Kuliah Kedua "ANARKHI KEMAKMURAN" - Yudhie Haryono



Mulanya malas. Lalu, kemalasan jadi kebiasaan. Dicampur doa dan dupa, banyak orang berpikir, itulah jalan kemakmuran. Agama lalu jadi candu yang membuat pemeluknya tak perlu bekerja cerdas dan berinovasi.

Di sini, anarkhi kemakmuran dimulai. Seringkali atas nama takdir, manusia merasa mampu kaya dan makmur tanpa mengindahkan aturan dan moral serta habitus gotong-royong. Padahal kita sama-sama tahu bahwa kemakmuran tanpa kejuangan dan kejujuran pasti dikutuk alam raya; awal punahnya keadaban dan kemanusiaan.

Ujungnya: kemelaratan bin kemiskinan. Cucunya lahir kemudian, berupa kebodohan. Hilirnya, penjajahan yang tak berakhir. Padahal kata sang bajik, "barangsiapa bekerja keras, maka kemakmuran itu untuknya. Barangsiapa menumpuk malas, maka kemelaratan itu akan menjadi miliknya."

Mengapa kita melarat? Yang paling utama adalah karena kita tak mau membuang metoda hidup lama yang usang. Hidup kita aman di negara tanpa kreasi kecuali utang, gadai dan obral. Sedihnya, melarat jadi kunci dan syarat di negara produsen pengkhianat dan penjahat terbesar di dunia dan akherat.

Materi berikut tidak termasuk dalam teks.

definition clarke_dir_deriv :: "('a::euclidean_space \<Rightarrow> real) \<Rightarrow> 'a \<Rightarrow> 'a \<Rightarrow> ereal" where
  "clarke_dir_deriv f x v =
     Limsup (nhds x \<times>\<^sub>F at_right 0) (\<lambda>(y, t). ereal ((f (y + t *\<^sub>R v) - f y) / t))"

definition clarke_subdiff :: "('a::euclidean_space \<Rightarrow> real) \<Rightarrow> 'a \<Rightarrow> 'a set" where
  "clarke_subdiff f x = {\<zeta>. \<forall>v. ereal (\<zeta> \<bullet> v) \<le> clarke_dir_deriv f x v}"

definition SPB :: "('a::euclidean_space \<Rightarrow> real) \<Rightarrow> real \<Rightarrow> real \<Rightarrow> nat \<Rightarrow> bool" where
  "SPB f R1 R2 m \<longleftrightarrow> R1 \<ge> 0 \<and> R2 > 0 \<and> (R1 = 0 \<longleftrightarrow> m = 0) \<and>
     locally_lipschitz f \<and>
     (\<forall>x. \<forall>\<zeta>\<in>clarke_subdiff f x. norm \<zeta> \<le> R1 * norm x ^ m + R2)"

end

theory Submission
  imports Defs
begin

(* For a locally Lipschitz f the Clarke directional derivative v \<mapsto> f\<degree>(z; v) is a finite
   sublinear function; separating a point below its graph from its closed convex epigraph
   produces elements \<zeta> of the Clarke subdifferential with f\<degree>(z; w) \<le> \<zeta> \<bullet> w + \<delta>, so
   f\<degree>(z; w) \<le> (sup of norm \<zeta>) * norm w.  Since f\<degree> dominates the upper right Dini derivative,
   a Dini-type mean value argument on the segment from x to y bounds f y - f x by the largest
   subgradient norm on the segment times norm (y - x); every point p of the segment has
   norm p \<le> norm x + norm (y - x), and (A + C)^m \<le> 2^(m-1) (A^m + C^m) by convexity of t^m. *)

abbreviation clarke_net :: "'a::real_normed_vector \<Rightarrow> ('a \<times> real) filter" where
  "clarke_net z \<equiv> nhds z \<times>\<^sub>F at_right 0"

definition diff_quot :: "('a::real_vector \<Rightarrow> real) \<Rightarrow> 'a \<Rightarrow> 'a \<times> real \<Rightarrow> real" where
  "diff_quot f v x = (f (fst x + snd x *\<^sub>R v) - f (fst x)) / snd x"

lemma clarke_dir_deriv_diff_quot:
  "clarke_dir_deriv f z v = Limsup (clarke_net z) (\<lambda>x. ereal (diff_quot f v x))"
  by (simp add: clarke_dir_deriv_def diff_quot_def case_prod_beta')

lemma clarke_net_neq_bot: "clarke_net z \<noteq> bot"
  by (simp add: prod_filter_eq_bot)

lemma eventually_snd_pos_clarke_net: "eventually (\<lambda>x. 0 < snd x) (clarke_net z)"
  using filterlim_snd[of "at_right (0::real)" "nhds z"]
  unfolding filterlim_at by (auto elim: eventually_mono)

lemma tendsto_snd_clarke_net: "(snd \<longlongrightarrow> 0) (clarke_net z)"
  using filterlim_snd[of "at_right (0::real)" "nhds z"] filterlim_at by blast

lemma tendsto_shift_clarke_net: "((\<lambda>x. fst x + snd x *\<^sub>R v) \<longlongrightarrow> z) (clarke_net z)"
  using tendsto_add[OF filterlim_fst tendsto_scaleR[OF tendsto_snd_clarke_net tendsto_const]]
  by simp

lemma filterlim_shift_clarke_net:
  "filterlim (\<lambda>x. (fst x + snd x *\<^sub>R v, snd x)) (clarke_net z) (clarke_net z)"
  by (intro filterlim_Pair tendsto_shift_clarke_net filterlim_snd)

lemma filterlim_scale_clarke_net:
  assumes "c > 0"
  shows "filterlim (\<lambda>x. (fst x, c * snd x)) (clarke_net z) (clarke_net z)"
proof (intro filterlim_Pair filterlim_fst)
  have "((\<lambda>x. c * snd x) \<longlongrightarrow> 0) (clarke_net z)"
    using tendsto_mult_right_zero[OF tendsto_snd_clarke_net] .
  moreover have "eventually (\<lambda>x. 0 < c * snd x) (clarke_net z)"
    using eventually_snd_pos_clarke_net by eventually_elim (use assms in simp)
  ultimately show "filterlim (\<lambda>x. c * snd x) (at_right 0) (clarke_net z)"
    by (auto simp: filterlim_at elim: eventually_mono)
qed

lemma locally_lipschitz_imp_continuous:
  assumes "locally_lipschitz f"
  shows "continuous_on UNIV f"
proof (rule continuous_at_imp_continuous_on, intro ballI)
  fix x
  obtain e L where "e > 0" and L: "\<forall>y\<in>ball x e. \<forall>z\<in>ball x e. \<bar>f y - f z\<bar> \<le> L * dist y z"
    using assms unfolding locally_lipschitz_def by blast
  have "(max L 0)-lipschitz_on (ball x e) f"
    unfolding lipschitz_on_def dist_real_def
    by (metis L max.cobounded1 max.cobounded2 mult_right_mono zero_le_dist order_trans)
  then have "continuous_on (ball x e) f"
    by (rule lipschitz_on_continuous_on)
  then show "isCont f x"
    by (rule continuous_on_interior) (use \<open>e > 0\<close> in simp)
qed

lemma locally_lipschitz_diff_quot_bounded:
  assumes "locally_lipschitz f"
  obtains L where "\<And>v. eventually (\<lambda>x. \<bar>diff_quot f v x\<bar> \<le> L * norm v) (clarke_net z)"
proof -
  obtain e L where "e > 0" and L: "\<forall>y\<in>ball z e. \<forall>y'\<in>ball z e. \<bar>f y - f y'\<bar> \<le> L * dist y y'"
    using assms unfolding locally_lipschitz_def by blast
  have "eventually (\<lambda>x. \<bar>diff_quot f v x\<bar> \<le> L * norm v) (clarke_net z)" for v
  proof -
    have "eventually (\<lambda>x. fst x \<in> ball z e) (clarke_net z)"
      using tendstoD[OF filterlim_fst \<open>e > 0\<close>] by (simp add: dist_commute)
    moreover have "eventually (\<lambda>x. fst x + snd x *\<^sub>R v \<in> ball z e) (clarke_net z)"
      using tendstoD[OF tendsto_shift_clarke_net \<open>e > 0\<close>] by (simp add: dist_commute)
    ultimately show ?thesis
      using eventually_snd_pos_clarke_net
    proof eventually_elim
      case (elim x)
      then have "\<bar>f (fst x + snd x *\<^sub>R v) - f (fst x)\<bar> \<le> L * dist (fst x + snd x *\<^sub>R v) (fst x)"
        using L by blast
      also have "\<dots> = L * (snd x * norm v)"
        using elim by (simp add: dist_norm)
      finally have "\<bar>f (fst x + snd x *\<^sub>R v) - f (fst x)\<bar> \<le> L * (snd x * norm v)" .
      then show ?case
        using elim by (simp add: diff_quot_def divide_le_eq mult_ac)
    qed
  qed
  then show ?thesis using that by blast
qed

lemma clarke_dir_deriv_finite:
  assumes "locally_lipschitz f"
  shows "\<bar>clarke_dir_deriv f z v\<bar> \<noteq> \<infinity>"
proof -
  obtain L where L: "eventually (\<lambda>x. \<bar>diff_quot f v x\<bar> \<le> L * norm v) (clarke_net z)"
    using locally_lipschitz_diff_quot_bounded[OF assms] by blast
  have "clarke_dir_deriv f z v \<le> ereal (L * norm v)"
    unfolding clarke_dir_deriv_diff_quot
    by (rule Limsup_bounded) (use L in \<open>auto elim: eventually_mono\<close>)
  moreover have "ereal (- (L * norm v)) \<le> clarke_dir_deriv f z v"
    unfolding clarke_dir_deriv_diff_quot
    by (rule le_Limsup[OF clarke_net_neq_bot]) (use L in \<open>auto elim: eventually_mono\<close>)
  ultimately show ?thesis
    by (cases "clarke_dir_deriv f z v") auto
qed

lemma clarke_dir_deriv_leI:
  assumes "\<And>e. e > 0 \<Longrightarrow> eventually (\<lambda>x. diff_quot f v x \<le> c + e) (clarke_net z)"
  shows "clarke_dir_deriv f z v \<le> ereal c"
proof (rule ereal_le_epsilon2)
  fix e :: real
  assume "e > 0"
  have "clarke_dir_deriv f z v \<le> ereal (c + e)"
    unfolding clarke_dir_deriv_diff_quot
    by (rule Limsup_bounded) (use assms[OF \<open>e > 0\<close>] in \<open>auto elim: eventually_mono\<close>)
  then show "clarke_dir_deriv f z v \<le> ereal c + ereal e"
    by simp
qed

lemma clarke_dir_deriv_lessD:
  assumes "clarke_dir_deriv f z v < ereal c"
  shows "eventually (\<lambda>x. diff_quot f v x < c) (clarke_net z)"
  using Limsup_lessD[OF assms[unfolded clarke_dir_deriv_diff_quot]] by simp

Mencipta hidup baru itu mudah. Meninggalkan pola hidup lama itu yang susah. So, soal melarat adalah soal "kenyamanan" pada kejahiliyahan (bersama) yang diresmikan oleh negara via begundal kolonial yang berkuasa dan teks-teks ketikan mereka.

Itulah mengapa, pilpres (dengan pola lama) kita baru berhasil menegakkan demokrasi (para) pencuri yang menternak pencuri demokrasi. Resiprokal. Tak lebih. Tak kurang.

Maka, berhati-hatilah. Banyak kejahatan negara melarat dimulai dari kemelaratan ide dan pembagian sogok serupiah-dua rupiah. Kekerean dan kejahatan ini juga bisa berjejak pada ketiadaan sejarah perlawanan dan tanpa genealogi pemikiran serta ilusi yang dibesar-besarkan via media (pencitraan yang hiperrealitas).

MENINGGALKĂ€N DAN MENCIPTAKAN. ITU KUNCINYA. BUKAN YANG LAINNYA.

Sediakah kita merawat etos dan mental revolusi, inovasi dan progresifitas? Jika tidak, anarkhi kemakmuran akan terus berjalan. Dan, kemelaratan jadi keseharian. Kepicikan jadi keniscayaan.

Jika itu takdir kita, saya harus iba dan kasihan melihat Indonesia: melihat kita semua. Terutama para pribumi yang ksatria. Bangsa lain sudah membuat road map mengkoloni planet di jagat raya, kita masih belajar hitung manual; tipu-tipu dan sinetron rongsokan. Itupun tak lulus. Jadinya jahiliyah turun-temurun.